◆ WHAT THE TASK REQUIRES ◆
Print the lines in the listing below that fall between the line with "by (simp add: dd uelem_scaleR)" and the line with "d))\<^sup>2 = R", those two lines included, exactly as they stand and with nothing else.

▼

theorem lemma8:
  fixes W :: "'x::finite \<Rightarrow> 'y::finite \<Rightarrow> real"
    and R k :: real and x\<^sub>o :: 'x
  assumes "channel W" and "gallager_symmetric W" and "singular_channel W"
    and "R_cr W < capacity W"
    and "\<forall>y. \<exists>x. W x y > 0"
    and "R_inf W < R" and "R < capacity W"
    and "k > 0"
  shows "(\<forall>(\<psi> :: 'y list \<Rightarrow> 'x) (N :: nat) (r :: real). r > 0 \<longrightarrow>
            (\<Sum>ys\<in>Sset W N r. \<Prod>n<N. W (\<psi> (take n ys)) (ys ! n))
              = prob_const W N x\<^sub>o (Sset W N r))
       \<and> (\<exists>K>0. \<forall>\<^sub>F N in sequentially.
            prob_const W N x\<^sub>o (Sset W N (R - k / real N))
              \<ge> K / sqrt (real N) * exp (- real N * real_of_ereal (E_SP W R))
            \<and> K / sqrt (real N) * exp (- real N * real_of_ereal (E_SP W R)) > 0)"
proof -
  \<comment> \<open>only symmetry, \<open>R_inf W < R\<close> and \<open>k > 0\<close> are needed\<close>
  have law: "\<And>x G. (\<Sum>y\<in>UNIV. W x y * G (ln_inv_alpha W y)) = (\<Sum>y\<in>UNIV. W x\<^sub>o y * G (ln_inv_alpha W y))"
    by (rule gallager_symmetric_cost_law[OF assms(2)])
  have "(\<Sum>ys\<in>Sset W N r. \<Prod>n<N. W (\<psi> (take n ys)) (ys ! n)) = prob_const W N x\<^sub>o (Sset W N r)"
    for \<psi> :: "'y list \<Rightarrow> 'x" and N r
    using sum_Sset_eq_walk[OF law, where \<psi>=\<psi>] sum_Sset_eq_walk[OF law, where \<psi>="\<lambda>_. x\<^sub>o"]
    unfolding prob_const_def by simp
  moreover have "\<exists>K>0. \<forall>\<^sub>F N in sequentially.
      prob_const W N x\<^sub>o (Sset W N (R - k / real N)) \<ge> K / sqrt (real N) * exp (- real N * real_of_ereal (E_SP W R))
      \<and> K / sqrt (real N) * exp (- real N * real_of_ereal (E_SP W R)) > 0"
    by (rule prob_const_Sset_lower_bound[OF assms(1) law assms(6,8)])
  ultimately show ?thesis by blast
qed

end
lemma exists_commuting_contraction_small_on_self_adjoint:
  fixes h :: "'a::cstar_algebra"
  assumes "cstar h = h" and "norm h \<le> 1" and "\<epsilon> > 0"
  obtains W where "scalar_part W = 1" "uadjoint W = W" "lmult_bounded W 1"
    "uelem h * W = W * uelem h" "norm (lmult (W * W) h) \<le> \<epsilon>"
proof -
  obtain t where t: "cstar t = t" "t * h = h * t" "t * t = 2 *\<^sub>R t - h * h"
    using exists_one_minus_sqrt[OF assms(2,1)] by blast
  define w where "w = 1 - uelem t"
  define \<eta> where "\<eta> = min 1 (\<epsilon> / 4)"
  have \<eta>: "0 < \<eta>" "\<eta> \<le> 1" "\<eta> \<le> \<epsilon> / 4"
    using assms(3) by (auto simp: \<eta>_def)
  have "1 - \<eta>\<^sup>2 < 1" "\<epsilon> / 4 > 0"
    using \<eta>(1) assms(3) by simp_all
  then obtain N where N: "(1 - \<eta>\<^sup>2) ^ N < \<epsilon> / 4"
    using real_arch_pow_inv by blast
  note cayley = cayley_unitary[OF assms(1) t]
  show ?thesis
  proof (rule that[of "w ^ N"])
    show "scalar_part (w ^ N) = 1"
      by (simp add: w_def)
    show "uadjoint (w ^ N) = w ^ N"
      using cayley(3) by (simp add: w_def uadjoint_power)
    show "lmult_bounded (w ^ N) 1"
      using lmult_bounded_power[OF lmult_bounded_cayley_parts(2)[OF assms(1) t], of N]
      by (simp add: w_def)
    have "w * uelem h = uelem h * w"
      using cayley(4)[symmetric] by (simp only: w_def)
    then show "uelem h * w ^ N = w ^ N * uelem h"
      by (rule power_commuting_commutes[symmetric])
    have "w ^ N * w ^ N = (1 - uelem t) ^ (2 * N)"
      by (simp only: w_def mult_2 power_add)
    then have "norm (lmult (w ^ N * w ^ N) h) \<le> 2 * (\<eta> + (1 - \<eta>\<^sup>2) ^ N)"
      using norm_lmult_sqrt_complement_power_le[OF assms(1) t, of \<eta> N] \<eta> by simp
    also have "\<dots> \<le> \<epsilon>"
      using \<eta>(3) N by (simp add: field_simps)
    finally show "norm (lmult (w ^ N * w ^ N) h) \<le> \<epsilon>" .
  qed
qed

lemma norm_lmult_squared_if_commute:
  fixes d :: "'a::cstar_algebra"
  assumes "uadjoint W = W" and "uelem (d * cstar d) * W = W * uelem (d * cstar d)"
  shows "(norm (lmult W d))\<^sup>2 = norm (lmult (W * W) (d * cstar d))"
proof -
  have "cstar (lmult W d) = rmult (cstar d) W"
    by (simp add: cstar_lmult assms(1))
  then have "lmult W d * cstar (lmult W d) = lmult W (d * rmult (cstar d) W)"
    by (simp only: lmult_mult_right)
  also have "\<dots> = lmult W (rmult (d * cstar d) W)"
    by (simp only: mult_rmult)
  also have "\<dots> = lmult (W * W) (d * cstar d)"
    by (simp only: rmult_eq_lmult_if_commute[OF assms(2)] lmult_mult)
  finally show ?thesis
    by (simp add: cstar_identity_right[symmetric])
qed

text \<open>Applied to \<open>h = d d\<^sup>* / \<parallel>d\<parallel>\<^sup>2\<close>: the C*-identity turns \<open>\<parallel>W d\<parallel>\<^sup>2\<close> into
  \<open>\<parallel>d\<parallel>\<^sup>2 \<parallel>W\<^sup>2 h\<parallel>\<close>, since \<open>W\<close> commutes with \<open>h\<close>.\<close>

lemma exists_contraction_small_on:
  fixes d :: "'a::cstar_algebra"
  assumes "\<delta> > 0"
  obtains C where "scalar_part C = 1" "lmult_bounded C 1" "norm (lmult C d) \<le> \<delta>"
proof (cases "d = 0")
  case True
  then show ?thesis
    using assms by (intro that[of 1]) (simp_all add: lmult_bounded_one lmult_def)
next
  case False
  define R where "R = (norm d)\<^sup>2"
  have R: "R > 0"
    using False by (simp add: R_def)
  define h where "h = (1 / R) *\<^sub>R (d * cstar d)"
  have "cstar h = h" "norm h \<le> 1"
    using R by (simp_all add: h_def R_def cstar_scaleR cstar_mult cstar_cstar cstar_identity_right)
  moreover have "\<delta>\<^sup>2 / R > 0"
    using assms R by simp
  ultimately obtain W where W: "scalar_part W = 1" "uadjoint W = W" "lmult_bounded W 1"
    "uelem h * W = W * uelem h" "norm (lmult (W * W) h) \<le> \<delta>\<^sup>2 / R"
    by (rule exists_commuting_contraction_small_on_self_adjoint)
  have dd: "d * cstar d = R *\<^sub>R h"
    using R by (simp add: h_def)
  have dd': "uelem (d * cstar d) = uscalar (complex_of_real R) * uelem h"
    by (simp add: dd uelem_scaleR)
  have "uelem (d * cstar d) * W = uscalar (complex_of_real R) * (uelem h * W)"
    by (simp only: dd' mult.assoc)
  also have "\<dots> = W * uelem (d * cstar d)"
    by (simp only: W(4) dd' uscalar_left_commute)
  finally have "uelem (d * cstar d) * W = W * uelem (d * cstar d)" .
  then have "(norm (lmult W d))\<^sup>2 = R * norm (lmult (W * W) h)"
    using norm_lmult_squared_if_commute[OF W(2)] R by (simp add: dd lmult_scaleR)
  also have "\<dots> \<le> \<delta>\<^sup>2"
    using mult_left_mono[OF W(5), of R] R by simp
  finally have "norm (lmult W d) \<le> \<delta>"
    by (rule power2_le_imp_le) (use assms in simp)
  with W(1,3) show ?thesis
    by (rule that)
qed

lemma exists_contraction_small_on_finite:
  fixes F :: "'a::cstar_algebra set"
  assumes "finite F" and "\<delta> > 0"
  shows "\<exists>P. scalar_part P = 1 \<and> lmult_bounded P 1 \<and> (\<forall>c\<in>F. norm (lmult P c) \<le> \<delta>)"
  using assms(1)
proof (induct F rule: finite_induct)
  case empty
  show ?case
    by (intro exI[of _ 1]) (simp add: lmult_bounded_one)
next
  case (insert c F)
  then obtain P where P: "scalar_part P = 1" "lmult_bounded P 1" "\<forall>c\<in>F. norm (lmult P c) \<le> \<delta>"
    by blast
  obtain C where C: "scalar_part C = 1" "lmult_bounded C 1" "norm (lmult C (lmult P c)) \<le> \<delta>"
    using exists_contraction_small_on[OF assms(2)] by blast
  have "norm (lmult C (lmult P c')) \<le> \<delta>" if "c' \<in> F" for c'
    using C(2) P(3) that unfolding lmult_bounded_def by (smt (verit) mult_1)
  then show ?case
    using C P lmult_bounded_mult[OF C(2) P(2)]
    by (intro exI[of _ "C * P"]) (auto simp: lmult_mult)
qed

text \<open>The approximate unit is \<open>v = 1 - P\<^sup>* P\<close> for \<open>P\<close> as in the previous lemma; it lies in the
  algebra because \<open>P\<close> has scalar part \<open>1\<close>.\<close>

lemma exists_approx_unit_finite:
  fixes F :: "'a::cstar_algebra set"
  assumes "finite F" and "\<delta> > 0"
  shows "\<exists>v. norm v \<le> 2 \<and> cstar v = v \<and> (\<forall>c\<in>F. norm (v * c - c) \<le> \<delta>)"
proof -
  obtain P where P: "scalar_part P = 1" "lmult_bounded P 1" "\<forall>c\<in>F. norm (lmult P c) \<le> \<delta>"
    using exists_contraction_small_on_finite[OF assms] by blast
  define T where "T = uadjoint P * P"
  define v where "v = - elem_part T"
  have T: "lmult T y = y - v * y" for y
    using P(1) by (simp add: lmult_def T_def v_def scaleC_one algebra_simps)
  have bounded_T: "lmult_bounded T 1"
    using lmult_bounded_mult[OF lmult_bounded_uadjoint[OF P(2)] P(2)] by (simp add: T_def)
  have "uadjoint T = T"
    by (simp add: T_def uadjoint_mult)
  then have "cstar (elem_part T) = elem_part T"
    by (metis unitization_parts_simps(6))
  then have "cstar v = v"
    by (simp add: v_def cstar_minus)
  moreover have "norm v \<le> 2"
  proof (rule norm_le_if_norm_mult_le)
    fix y
    have "norm (v * y) \<le> norm y + norm (lmult T y)"
      using norm_triangle_ineq4[of y "lmult T y"] by (simp add: T)
    moreover have "norm (lmult T y) \<le> norm y"
      using bounded_T by (simp add: lmult_bounded_def)
    ultimately show "norm (v * y) \<le> 2 * norm y"
      by linarith
  qed simp
  moreover have "norm (v * c - c) \<le> \<delta>" if "c \<in> F" for c
  proof -
    have "norm (v * c - c) = norm (lmult (uadjoint P) (lmult P c))"
      by (simp add: T_def[symmetric] lmult_mult[symmetric] T norm_minus_commute)
    also have "\<dots> \<le> norm (lmult P c)"
      using lmult_bounded_uadjoint[OF P(2)] by (simp add: lmult_bounded_def)
    finally show ?thesis
      using P(3) that by fastforce
  qed
  ultimately show ?thesis
    by blast
qed

section \<open>Approximate units\<close>

lemma tendsto_on_closure_if_uniformly_bounded:
  fixes T :: "nat \<Rightarrow> 'a::real_normed_vector \<Rightarrow> 'a"
  assumes "\<And>n. linear (T n)" and "\<And>n y. norm (T n y) \<le> B * norm y"
    and "\<And>c. c \<in> S \<Longrightarrow> (\<lambda>n. T n c) \<longlonglongrightarrow> c" and "x \<in> closure S"
  shows "(\<lambda>n. T n x) \<longlonglongrightarrow> x"
proof (rule LIMSEQ_I)
  fix r :: real
  assume r: "r > 0"
  define K where "K = \<bar>B\<bar> + 1"
  have K: "K > 0"
    by (simp add: K_def add_nonneg_pos)
  have "r / (2 * K) > 0"
    using r K by simp
  then obtain c where c: "c \<in> S" "dist c x < r / (2 * K)"
    using assms(4) unfolding closure_approachable by blast
  obtain N where N: "\<And>n. n \<ge> N \<Longrightarrow> norm (T n c - c) < r / 2"
    using LIMSEQ_D[OF assms(3)[OF c(1)], of "r / 2"] r by auto
  have "norm (T n x - x) < r" if "n \<ge> N" for n
  proof -
    have "T n x - x = T n (x - c) + (T n c - c) + (c - x)"
      by (simp add: linear_diff[OF assms(1)])
    then have "norm (T n x - x) \<le> norm (T n (x - c) + (T n c - c)) + norm (c - x)"
      by (simp only: norm_triangle_ineq)
    also have "\<dots> \<le> norm (T n (x - c)) + norm (T n c - c) + norm (x - c)"
      using norm_triangle_ineq[of "T n (x - c)" "T n c - c"] by (simp add: norm_minus_commute)
    also have "\<dots> \<le> K * norm (x - c) + norm (T n c - c)"
      using assms(2)[of n "x - c"] abs_ge_self[of B] mult_right_mono[of B "\<bar>B\<bar>" "norm (x - c)"]
      by (simp add: K_def distrib_right)
    also have "K * norm (x - c) < r / 2"
      using c(2) K by (simp add: dist_norm norm_minus_commute field_simps)
    finally show ?thesis
      using N[OF that] by linarith
  qed
  then show "\<exists>N. \<forall>n\<ge>N. norm (T n x - x) < r"
    by blast
qed
lemma absolutely_integrable_on_Union_piecewise_continuous:
  fixes f :: "'a::euclidean_space \<Rightarrow> real"
  assumes "finite \<K>"
    and cells: "\<And>K. K \<in> \<K> \<Longrightarrow> compact K \<and> convex K"
    and cont: "\<And>K. K \<in> \<K> \<Longrightarrow> continuous_on K (g K)"
    and agree: "\<And>K x. K \<in> \<K> \<Longrightarrow> x \<in> interior K \<Longrightarrow> f x = g K x"
  shows "f absolutely_integrable_on \<Union>\<K>"
  using assms(1) cells cont agree
proof (induction rule: finite_induct)
  case empty
  then show ?case by simp
next
  case (insert K \<K>)
  have "g K absolutely_integrable_on K"
    using insert.prems(1,2) by (intro absolutely_integrable_on_compact) auto
  moreover have "negligible (frontier K)"
    using insert.prems(1) by (intro negligible_convex_frontier) auto
  moreover have "f x = g K x" if "x \<in> K - frontier K" for x
  proof -
    have "x \<in> interior K"
      using that closure_subset[of K] unfolding frontier_def by blast
    then show ?thesis using insert.prems(3)[of K x] by simp
  qed
  ultimately have "f absolutely_integrable_on K"
    by (rule absolutely_integrable_spike)
  moreover have "f absolutely_integrable_on \<Union>\<K>"
    using insert.prems by (intro insert.IH) auto
  ultimately show ?case
    by (simp add: absolutely_integrable_Un)
qed

lemma integral_pos_of_pos_at_interior_point:
  fixes f :: "'a::euclidean_space \<Rightarrow> real"
  assumes f: "f integrable_on S" and nonneg: "\<And>y. y \<in> S \<Longrightarrow> 0 \<le> f y"
    and x: "x \<in> interior S" "isCont f x" "0 < f x"
  shows "0 < integral S f"
proof -
  define c where "c = f x / 2"
  have c: "0 < c" using x(3) by (simp add: c_def)
  obtain d where d: "0 < d" "\<And>y. dist y x < d \<Longrightarrow> dist (f y) (f x) < c"
    using x(2) c unfolding continuous_at_eps_delta by blast
  obtain r where r: "0 < r" "ball x r \<subseteq> S"
    using x(1) mem_interior by blast
  define e where "e = min d r"
  have e_pos: "0 < e" using d(1) r(1) by (simp add: e_def)
  have e_ball: "y \<in> S \<and> c < f y" if "y \<in> ball x e" for y
  proof -
    have "dist y x < d" "y \<in> ball x r" using that by (auto simp: e_def dist_commute)
    then have "\<bar>f y - f x\<bar> < c" "y \<in> S"
      using d(2)[of y] r(2) by (auto simp: dist_real_def)
    then show ?thesis
      unfolding abs_less_iff c_def by simp
  qed
  define \<phi> where "\<phi> y = (if y \<in> ball x e then c else 0)" for y
  have "(\<lambda>_. 1::real) integrable_on ball x e"
    by (rule integrable_on_const) simp
  then have "((\<lambda>_. 1::real) has_integral measure lebesgue (ball x e)) (ball x e)"
    unfolding lmeasure_integral[OF lmeasurable_ball] by (rule integrable_integral)
  then have "((\<lambda>_. c) has_integral c * measure lebesgue (ball x e)) (ball x e)"
    using has_integral_mult_right[of "\<lambda>_. 1::real", where c=c] by simp
  moreover have "ball x e \<inter> S = ball x e" using e_ball by auto
  ultimately have "(\<phi> has_integral c * measure lebesgue (ball x e)) S"
    unfolding \<phi>_def has_integral_restrict_Int by simp
  then have "integral S \<phi> = c * measure lebesgue (ball x e)" "\<phi> integrable_on S"
    by (auto simp: integral_unique)
  moreover have "integral S \<phi> \<le> integral S f"
  proof (rule integral_le[OF \<open>\<phi> integrable_on S\<close> f])
    show "\<phi> y \<le> f y" if "y \<in> S" for y
      using e_ball[of y] nonneg[OF that] by (auto simp: \<phi>_def)
  qed
  moreover have "0 < c * measure lebesgue (ball x e)" using c e_pos by simp
  ultimately show ?thesis by linarith
qed

lemma triangle_compact_convex:
  assumes "is_triangle K"
  shows "compact K" "convex K"
  using assms unfolding is_triangle_def
  by (auto simp: convex_convex_hull intro!: compact_convex_hull[OF finite_imp_compact])

lemma triangle_closure_interior:
  assumes "is_triangle K"
  shows "closure (interior K) = K"
proof -
  obtain a b c where K: "K = convex hull {a, b, c}" and nc: "\<not> collinear {a, b, c}"
    using assms unfolding is_triangle_def by blast
  have dim: "DIM(pt) = 2" by simp
  have "(1/3) *\<^sub>R a + (1/3) *\<^sub>R b + (1/3) *\<^sub>R c \<in> interior K"
    unfolding K interior_convex_hull_3_minimal[OF nc dim]
    by (intro CollectI exI[of _ "1/3::real"]) auto
  then have "interior K \<noteq> {}" by blast
  then have "closure (interior K) = closure K"
    using convex_closure_interior triangle_compact_convex(2)[OF assms] by blast
  then show ?thesis
    using closure_closed compact_imp_closed triangle_compact_convex(1)[OF assms] by metis
qed

lemma S1vec_affine_on_cell:
  assumes "V \<in> S1vec T" "K \<in> T"
  shows "\<exists>A c. \<forall>x\<in>K. V x = A *v x + c"
proof -
  have "\<forall>k. \<exists>a b. \<forall>x\<in>K. V x $ k = a \<bullet> x + b"
    using assms unfolding S1vec_def S1_def by blast
  then obtain a b where ab: "\<And>k x. x \<in> K \<Longrightarrow> V x $ k = a k \<bullet> x + b k" by metis
  have "\<forall>x\<in>K. V x = (\<chi> k. a k) *v x + (\<chi> k. b k)"
    by (simp add: vec_eq_iff matrix_vector_mul_component ab)
  then show ?thesis by blast
qed

lemma jac_eq_on_interior:
  assumes "\<And>y. y \<in> K \<Longrightarrow> V y = A *v y + c" and "x \<in> interior K"
  shows "jac V x = A"
proof -
  have "((\<lambda>y. A *v y + c) has_derivative (\<lambda>h. A *v h)) (at x)"
    by (intro has_derivative_add_const bounded_linear_imp_has_derivative matrix_vector_mul_bounded_linear)
  then have "(V has_derivative (\<lambda>h. A *v h)) (at x)"
    by (rule has_derivative_transform_within_open[OF _ open_interior assms(2)])
       (metis assms(1) interior_subset subsetD)
  then show ?thesis
    unfolding jac_def using frechet_derivative_at by (metis matrix_of_matrix_vector_mul)
qed

definition elastic_density :: "real \<Rightarrow> real \<Rightarrow> real \<Rightarrow> real^2^2 \<Rightarrow> pt \<Rightarrow> real" where
  "elastic_density mu lam dl S v = 2 * mu * frob S S + lam * mtrace S * mtrace S + dl * (v \<bullet> v)"

lemma Eh_diag_eq_integral_elastic_density:
  "Eh T mu lam dl V V = integral (domain T) (\<lambda>x. elastic_density mu lam dl (strain V x) (V x))"
  by (simp add: Eh_def elastic_density_def)

lemma elastic_density_ge:
  assumes "0 \<le> mu" "0 \<le> lam"
  shows "dl * (v \<bullet> v) \<le> elastic_density mu lam dl S v"
proof -
  have "0 \<le> frob S S" unfolding frob_def by (intro sum_nonneg) simp
  then have "0 \<le> 2 * mu * frob S S" using assms(1) by simp
  moreover have "0 \<le> lam * mtrace S * mtrace S" using assms(2) by (simp add: mult.assoc)
  ultimately show ?thesis unfolding elastic_density_def by linarith
qed

lemma S1vec_elastic_density_continuous_on_cell:
  assumes "V \<in> S1vec T" "K \<in> T"
  shows "\<exists>g. continuous_on UNIV g \<and>
           (\<forall>x\<in>interior K. elastic_density mu lam dl (strain V x) (V x) = g x)"
proof -
  obtain A c where Ac: "\<And>x. x \<in> K \<Longrightarrow> V x = A *v x + c"
    using S1vec_affine_on_cell[OF assms] by blast
  define g where "g x = elastic_density mu lam dl ((1/2) *\<^sub>R (A + transpose A)) (A *v x + c)" for x
  have "continuous_on UNIV g"
    unfolding g_def elastic_density_def
    by (intro continuous_intros linear_continuous_on matrix_vector_mul_linear bounded_linear_intros)
  moreover have "elastic_density mu lam dl (strain V x) (V x) = g x" if x: "x \<in> interior K" for x
  proof -
    have "V x = A *v x + c" using Ac interior_subset x by blast
    moreover have "jac V x = A" using Ac x by (rule jac_eq_on_interior)
    ultimately show ?thesis by (simp add: g_def strain_def)
  qed
  ultimately show ?thesis by blast
qed

lemma S1vec_nonzero_in_interior:
  assumes "V \<in> S1vec T" "K \<in> T" "is_triangle K" "x0 \<in> K" "V x0 \<noteq> 0"
  shows "\<exists>x\<in>interior K. V x \<noteq> 0"
proof (rule ccontr)
  assume vanish: "\<not> ?thesis"
  obtain A c where Ac: "\<And>x. x \<in> K \<Longrightarrow> V x = A *v x + c"
    using S1vec_affine_on_cell[OF assms(1,2)] by blast
  have "A *v x0 + c = 0"
  proof (rule continuous_constant_on_closure[where f="\<lambda>x. A *v x + c"])
    show "continuous_on (closure (interior K)) (\<lambda>x. A *v x + c)"
      by (intro continuous_intros linear_continuous_on matrix_vector_mul_linear)
    show "A *v y + c = 0" if "y \<in> interior K" for y
      using vanish that Ac[OF interior_subset[THEN subsetD, OF that]] by auto
    show "x0 \<in> closure (interior K)"
      using triangle_closure_interior[OF assms(3)] assms(4) by simp
  qed
  then show False using Ac[OF assms(4)] assms(5) by simp
qed

lemma Eh_diag_pos:
  assumes "finite T" and triangles: "\<And>K. K \<in> T \<Longrightarrow> is_triangle K"
    and V: "V \<in> S1vec T" and nonzero: "\<exists>x\<in>domain T. V x \<noteq> 0"
    and "0 \<le> mu" "0 \<le> lam" "0 < dl"
  shows "0 < Eh T mu lam dl V V"
proof -
  define f where "f x = elastic_density mu lam dl (strain V x) (V x)" for x
  have "\<forall>K\<in>T. \<exists>g. continuous_on UNIV g \<and> (\<forall>x\<in>interior K. f x = g x)"
    unfolding f_def using S1vec_elastic_density_continuous_on_cell[OF V] by blast
  then obtain g where g_cont: "\<And>K. K \<in> T \<Longrightarrow> continuous_on UNIV (g K)"
    and f_eq_g: "\<And>K x. K \<in> T \<Longrightarrow> x \<in> interior K \<Longrightarrow> f x = g K x"
    by metis
  have f_ge: "dl * (V x \<bullet> V x) \<le> f x" for x
    unfolding f_def using assms(5,6) by (rule elastic_density_ge)
  have f_nonneg: "0 \<le> f x" for x
    using f_ge[of x] \<open>0 < dl\<close> by (smt (verit) inner_ge_zero mult_nonneg_nonneg)
  have "f absolutely_integrable_on \<Union>T"
    using \<open>finite T\<close> triangle_compact_convex[OF triangles] f_eq_g
      continuous_on_subset[OF g_cont subset_UNIV]
    by (intro absolutely_integrable_on_Union_piecewise_continuous[where g=g]) auto
  then have f_int: "f integrable_on domain T"
    by (simp add: absolutely_integrable_on_def domain_def)
  obtain K x0 where K: "K \<in> T" "x0 \<in> K" "V x0 \<noteq> 0"
    using nonzero unfolding domain_def by blast
  then obtain x where x: "x \<in> interior K" "V x \<noteq> 0"
    using S1vec_nonzero_in_interior[OF V] triangles by blast
  then have "0 < dl * (V x \<bullet> V x)" using \<open>0 < dl\<close> by simp
  then have "0 < f x" using f_ge[of x] by linarith
  have "\<forall>\<^sub>F y in nhds x. f y = g K y"
    using x(1) f_eq_g[OF K(1)] eventually_nhds open_interior by blast
  moreover have "isCont (g K) x"
    using g_cont[OF K(1)] continuous_on_eq_continuous_at open_UNIV by blast
  ultimately have "isCont f x"
    using isCont_cong by blast
  moreover have "x \<in> interior (domain T)"
    using x(1) K(1) interior_mono[of K "domain T"] unfolding domain_def by blast
  ultimately have "0 < integral (domain T) f"
    using f_int f_nonneg \<open>0 < f x\<close> integral_pos_of_pos_at_interior_point by blast
  then show ?thesis
    by (simp add: Eh_diag_eq_integral_elastic_density f_def[abs_def])
qed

▲

◆ ANSWER TO THE PROBLEM ◆
    by (simp add: dd uelem_scaleR)
  have "uelem (d * cstar d) * W = uscalar (complex_of_real R) * (uelem h * W)"
    by (simp only: dd' mult.assoc)
  also have "\<dots> = W * uelem (d * cstar d)"
    by (simp only: W(4) dd' uscalar_left_commute)
  finally have "uelem (d * cstar d) * W = W * uelem (d * cstar d)" .
  then have "(norm (lmult W d))\<^sup>2 = R * norm (lmult (W * W) h)"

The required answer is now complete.